## YOUR TASK:
Every record is to be transcribed exactly as written.

================================

lemma window_map_mult_vec:
  assumes jl: "j + l \<le> T"
  shows "window_map A B C l *\<^sub>v (x j @\<^sub>v stacked_window m l u j)
    = stacked_window p l y j @\<^sub>v stacked_window m l u j"
proof -
  have xj: "x j \<in> carrier_vec n" using x_dim jl by simp
  have "window_map A B C l *\<^sub>v (x j @\<^sub>v stacked_window m l u j)
      = (obs_mat A C l *\<^sub>v x j + markov_toeplitz A B C l *\<^sub>v stacked_window m l u j)
        @\<^sub>v (0\<^sub>m (m * l) n *\<^sub>v x j + 1\<^sub>m (m * l) *\<^sub>v stacked_window m l u j)"
    unfolding window_map_def carrier_matD(2)[OF A] carrier_matD(2)[OF B]
    by (rule four_block_mat_mult_vec) (use A B C xj in \<open>auto intro: obs_mat_carrier markov_toeplitz_carrier\<close>)
  also have "0\<^sub>m (m * l) n *\<^sub>v x j = 0\<^sub>v (m * l)" by (intro eq_vecI) (use xj in auto)
  finally show ?thesis using output_window[OF jl] by simp
qed

lemma data_mat_factorization:
  assumes lT: "l \<le> T"
  shows "data_mat p m l T y u = window_map A B C l
      * mat_of_cols (n + m * l) (map (\<lambda>j. x j @\<^sub>v stacked_window m l u j) [0..<T - l + 1])"
    (is "_ = ?M * ?N")
proof (rule mat_col_eqI)
  have M: "?M \<in> carrier_mat (p * l + m * l) (n + m * l)" using window_map_carrier[OF A B C] .
  have N: "?N \<in> carrier_mat (n + m * l) (T - l + 1)" by (intro carrier_matI) (simp_all del: upt_Suc)
  fix j assume "j < dim_col (?M * ?N)"
  then have j: "j < T - l + 1" using N by simp
  then have jl: "j + l \<le> T" using lT by simp
  have "col (?M * ?N) j = ?M *\<^sub>v (x j @\<^sub>v stacked_window m l u j)"
    using col_mult2[OF M N j] col_mat_of_cols[of j _ "n + m * l"] j x_dim[of j] jl by (simp del: upt_Suc)
  then show "col (data_mat p m l T y u) j = col (?M * ?N) j"
    using window_map_mult_vec[OF jl] col_data_mat[OF j] by simp
qed (use window_map_carrier[OF A B C, of l] in \<open>simp_all add: data_mat_def del: upt_Suc\<close>)

lemma mrank_data_mat_le:
  assumes "l \<le> T"
  shows "mrank (data_mat p m l T y u) \<le> n + m * l"
proof -
  let ?N = "mat_of_cols (n + m * l) (map (\<lambda>j. x j @\<^sub>v stacked_window m l u j) [0..<T - l + 1])"
  have M: "window_map A B C l \<in> carrier_mat (p * l + m * l) (n + m * l)"
    using window_map_carrier[OF A B C] .
  have N: "?N \<in> carrier_mat (n + m * l) (T - l + 1)" by (intro carrier_matI) (simp_all del: upt_Suc)
  have "mrank (data_mat p m l T y u) = vec_space.rank (p * l + m * l) (data_mat p m l T y u)"
    by (simp add: mrank_def data_mat_def)
  also have "\<dots> = vec_space.rank (p * l + m * l) (window_map A B C l * ?N)"
    by (subst data_mat_factorization[OF assms]) (rule refl)
  also have "\<dots> \<le> vec_space.rank (p * l + m * l) (window_map A B C l)"
    by (rule vec_space.rank_mult_le[OF M N])
  also have "\<dots> \<le> n + m * l" by (rule vec_space.rank_le_nc[OF M])
  finally show ?thesis .
qed

end

lemma mrank_obs_mat_obs_index:
  assumes "observable A C" and "A \<in> carrier_mat n n"
  shows "mrank (obs_mat A C (obs_index A C)) = n"
proof -
  have "mrank (obs_mat A C (obs_index A C)) = dim_row A"
    unfolding obs_index_def by (rule LeastI) (use assms(1) in \<open>simp add: observable_def\<close>)
  then show ?thesis using assms(2) by simp
qed

theorem lemma9:
  fixes A B C Th :: "real mat" and n m p T :: nat
    and x u y du dy :: "nat \<Rightarrow> real vec"
  assumes A: "A \<in> carrier_mat n n" and B: "B \<in> carrier_mat n m" and C: "C \<in> carrier_mat p n"
    and obs: "observable A C"
    and T: "T \<ge> obs_index A C"
    and x_dim: "\<And>k. k \<le> T + 1 \<Longrightarrow> x k \<in> carrier_vec n"
    and u_dim: "\<And>k. k \<le> T \<Longrightarrow> u k \<in> carrier_vec m"
    and du_dim: "\<And>k. k \<le> T \<Longrightarrow> du k \<in> carrier_vec m"
    and dy_dim: "\<And>k. k \<le> T \<Longrightarrow> dy k \<in> carrier_vec p"
    and dyn: "\<And>k. k \<le> T \<Longrightarrow> x (k + 1) = A *\<^sub>v x k + B *\<^sub>v u k"
    and out: "\<And>k. k \<le> T \<Longrightarrow> y k = C *\<^sub>v x k"
    and Th: "Th \<in> carrier_mat (p + p * obs_index A C + m * obs_index A C) (p + p * obs_index A C + m * obs_index A C)"
    and Th_sym: "transpose_mat Th = Th" and Th_psd: "psd Th"
    and noise: "loewner_le (noise_mat p m (obs_index A C) T dy du * transpose_mat (noise_mat p m (obs_index A C) T dy du)) Th"
  shows "(let l = obs_index A C;
              Psi0 = data_mat p m l T (\<lambda>k. y k + dy k) (\<lambda>k. u k + du k);
              S0 = data_mat p m l T y u
          in (loewner_gt (Psi0 * transpose_mat Psi0) (block22 p Th) \<longrightarrow> mrank S0 = (p + m) * l)
           \<and> (mrank S0 = (p + m) * l \<longrightarrow> mrank (obs_mat A C l) = p * l)
           \<and> (mrank (obs_mat A C l) = p * l \<longrightarrow> p * l = n))"
proof -
  interpret lti_trajectory A B C n m p T x u y
    using A B C x_dim u_dim dyn out by unfold_locales
  define l where "l = obs_index A C"
  define S0 where "S0 = data_mat p m l T y u"
  define D where "D = data_mat p m l T dy du"
  have lT: "l \<le> T" using T unfolding l_def .
  have rank_O: "mrank (obs_mat A C l) = n" unfolding l_def by (rule mrank_obs_mat_obs_index[OF obs A])
  have "mrank (obs_mat A C l) \<le> p * l"
    using mrank_le_dim_row[of "obs_mat A C l"] carrier_matD(1)[OF obs_mat_carrier[OF A C]] by simp
  moreover have "mrank S0 \<le> n + m * l" unfolding S0_def by (rule mrank_data_mat_le[OF lT])
  moreover have "mrank S0 = (p + m) * l"
    if gt: "loewner_gt ((S0 + D) * (S0 + D)\<^sup>T) (block22 p Th)"
  proof -
    have carriers: "S0 \<in> carrier_mat (p * l + m * l) (T - l + 1)" "D \<in> carrier_mat (p * l + m * l) (T - l + 1)"
      unfolding S0_def D_def by (rule data_mat_carrier)+
    have "loewner_le (D * D\<^sup>T) (block22 p Th)"
      unfolding D_def l_def by (rule loewner_le_block22_noise_mat[OF Th noise])
    then have "vec_space.rank (p * l + m * l) S0 = p * l + m * l"
      by (rule full_row_rank_if_loewner_perturbation[OF carriers _ gt])
    then show ?thesis by (simp add: mrank_def S0_def data_mat_def algebra_simps)
  qed
  moreover have "data_mat p m l T (\<lambda>k. y k + dy k) (\<lambda>k. u k + du k) = S0 + D"
    unfolding S0_def D_def by (rule data_mat_add[OF lT dy_dim du_dim])
  ultimately show ?thesis
    unfolding Let_def l_def[symmetric] S0_def[symmetric] using rank_O by (auto simp: algebra_simps)
qed

end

================================

## REPLY:
lemma window_map_mult_vec:
  assumes jl: "j + l \<le> T"
  shows "window_map A B C l *\<^sub>v (x j @\<^sub>v stacked_window m l u j)
    = stacked_window p l y j @\<^sub>v stacked_window m l u j"
proof -
  have xj: "x j \<in> carrier_vec n" using x_dim jl by simp
  have "window_map A B C l *\<^sub>v (x j @\<^sub>v stacked_window m l u j)
      = (obs_mat A C l *\<^sub>v x j + markov_toeplitz A B C l *\<^sub>v stacked_window m l u j)
        @\<^sub>v (0\<^sub>m (m * l) n *\<^sub>v x j + 1\<^sub>m (m * l) *\<^sub>v stacked_window m l u j)"
    unfolding window_map_def carrier_matD(2)[OF A] carrier_matD(2)[OF B]
    by (rule four_block_mat_mult_vec) (use A B C xj in \<open>auto intro: obs_mat_carrier markov_toeplitz_carrier\<close>)
  also have "0\<^sub>m (m * l) n *\<^sub>v x j = 0\<^sub>v (m * l)" by (intro eq_vecI) (use xj in auto)
  finally show ?thesis using output_window[OF jl] by simp
qed

lemma data_mat_factorization:
  assumes lT: "l \<le> T"
  shows "data_mat p m l T y u = window_map A B C l
      * mat_of_cols (n + m * l) (map (\<lambda>j. x j @\<^sub>v stacked_window m l u j) [0..<T - l + 1])"
    (is "_ = ?M * ?N")
proof (rule mat_col_eqI)
  have M: "?M \<in> carrier_mat (p * l + m * l) (n + m * l)" using window_map_carrier[OF A B C] .
  have N: "?N \<in> carrier_mat (n + m * l) (T - l + 1)" by (intro carrier_matI) (simp_all del: upt_Suc)
  fix j assume "j < dim_col (?M * ?N)"
  then have j: "j < T - l + 1" using N by simp
  then have jl: "j + l \<le> T" using lT by simp
  have "col (?M * ?N) j = ?M *\<^sub>v (x j @\<^sub>v stacked_window m l u j)"
    using col_mult2[OF M N j] col_mat_of_cols[of j _ "n + m * l"] j x_dim[of j] jl by (simp del: upt_Suc)
  then show "col (data_mat p m l T y u) j = col (?M * ?N) j"
    using window_map_mult_vec[OF jl] col_data_mat[OF j] by simp
qed (use window_map_carrier[OF A B C, of l] in \<open>simp_all add: data_mat_def del: upt_Suc\<close>)

lemma mrank_data_mat_le:
  assumes "l \<le> T"
  shows "mrank (data_mat p m l T y u) \<le> n + m * l"
proof -
  let ?N = "mat_of_cols (n + m * l) (map (\<lambda>j. x j @\<^sub>v stacked_window m l u j) [0..<T - l + 1])"
  have M: "window_map A B C l \<in> carrier_mat (p * l + m * l) (n + m * l)"
    using window_map_carrier[OF A B C] .
  have N: "?N \<in> carrier_mat (n + m * l) (T - l + 1)" by (intro carrier_matI) (simp_all del: upt_Suc)
  have "mrank (data_mat p m l T y u) = vec_space.rank (p * l + m * l) (data_mat p m l T y u)"
    by (simp add: mrank_def data_mat_def)
  also have "\<dots> = vec_space.rank (p * l + m * l) (window_map A B C l * ?N)"
    by (subst data_mat_factorization[OF assms]) (rule refl)
  also have "\<dots> \<le> vec_space.rank (p * l + m * l) (window_map A B C l)"
    by (rule vec_space.rank_mult_le[OF M N])
  also have "\<dots> \<le> n + m * l" by (rule vec_space.rank_le_nc[OF M])
  finally show ?thesis .
qed

end

lemma mrank_obs_mat_obs_index:
  assumes "observable A C" and "A \<in> carrier_mat n n"
  shows "mrank (obs_mat A C (obs_index A C)) = n"
proof -
  have "mrank (obs_mat A C (obs_index A C)) = dim_row A"
    unfolding obs_index_def by (rule LeastI) (use assms(1) in \<open>simp add: observable_def\<close>)
  then show ?thesis using assms(2) by simp
qed

theorem lemma9:
  fixes A B C Th :: "real mat" and n m p T :: nat
    and x u y du dy :: "nat \<Rightarrow> real vec"
  assumes A: "A \<in> carrier_mat n n" and B: "B \<in> carrier_mat n m" and C: "C \<in> carrier_mat p n"
    and obs: "observable A C"
    and T: "T \<ge> obs_index A C"
    and x_dim: "\<And>k. k \<le> T + 1 \<Longrightarrow> x k \<in> carrier_vec n"
    and u_dim: "\<And>k. k \<le> T \<Longrightarrow> u k \<in> carrier_vec m"
    and du_dim: "\<And>k. k \<le> T \<Longrightarrow> du k \<in> carrier_vec m"
    and dy_dim: "\<And>k. k \<le> T \<Longrightarrow> dy k \<in> carrier_vec p"
    and dyn: "\<And>k. k \<le> T \<Longrightarrow> x (k + 1) = A *\<^sub>v x k + B *\<^sub>v u k"
    and out: "\<And>k. k \<le> T \<Longrightarrow> y k = C *\<^sub>v x k"
    and Th: "Th \<in> carrier_mat (p + p * obs_index A C + m * obs_index A C) (p + p * obs_index A C + m * obs_index A C)"
    and Th_sym: "transpose_mat Th = Th" and Th_psd: "psd Th"
    and noise: "loewner_le (noise_mat p m (obs_index A C) T dy du * transpose_mat (noise_mat p m (obs_index A C) T dy du)) Th"
  shows "(let l = obs_index A C;
              Psi0 = data_mat p m l T (\<lambda>k. y k + dy k) (\<lambda>k. u k + du k);
              S0 = data_mat p m l T y u
          in (loewner_gt (Psi0 * transpose_mat Psi0) (block22 p Th) \<longrightarrow> mrank S0 = (p + m) * l)
           \<and> (mrank S0 = (p + m) * l \<longrightarrow> mrank (obs_mat A C l) = p * l)
           \<and> (mrank (obs_mat A C l) = p * l \<longrightarrow> p * l = n))"
proof -
  interpret lti_trajectory A B C n m p T x u y
    using A B C x_dim u_dim dyn out by unfold_locales
  define l where "l = obs_index A C"
  define S0 where "S0 = data_mat p m l T y u"
  define D where "D = data_mat p m l T dy du"
  have lT: "l \<le> T" using T unfolding l_def .
  have rank_O: "mrank (obs_mat A C l) = n" unfolding l_def by (rule mrank_obs_mat_obs_index[OF obs A])
  have "mrank (obs_mat A C l) \<le> p * l"
    using mrank_le_dim_row[of "obs_mat A C l"] carrier_matD(1)[OF obs_mat_carrier[OF A C]] by simp
  moreover have "mrank S0 \<le> n + m * l" unfolding S0_def by (rule mrank_data_mat_le[OF lT])
  moreover have "mrank S0 = (p + m) * l"
    if gt: "loewner_gt ((S0 + D) * (S0 + D)\<^sup>T) (block22 p Th)"
  proof -
    have carriers: "S0 \<in> carrier_mat (p * l + m * l) (T - l + 1)" "D \<in> carrier_mat (p * l + m * l) (T - l + 1)"
      unfolding S0_def D_def by (rule data_mat_carrier)+
    have "loewner_le (D * D\<^sup>T) (block22 p Th)"
      unfolding D_def l_def by (rule loewner_le_block22_noise_mat[OF Th noise])
    then have "vec_space.rank (p * l + m * l) S0 = p * l + m * l"
      by (rule full_row_rank_if_loewner_perturbation[OF carriers _ gt])
    then show ?thesis by (simp add: mrank_def S0_def data_mat_def algebra_simps)
  qed
  moreover have "data_mat p m l T (\<lambda>k. y k + dy k) (\<lambda>k. u k + du k) = S0 + D"
    unfolding S0_def D_def by (rule data_mat_add[OF lT dy_dim du_dim])
  ultimately show ?thesis
    unfolding Let_def l_def[symmetric] S0_def[symmetric] using rank_O by (auto simp: algebra_simps)
qed

end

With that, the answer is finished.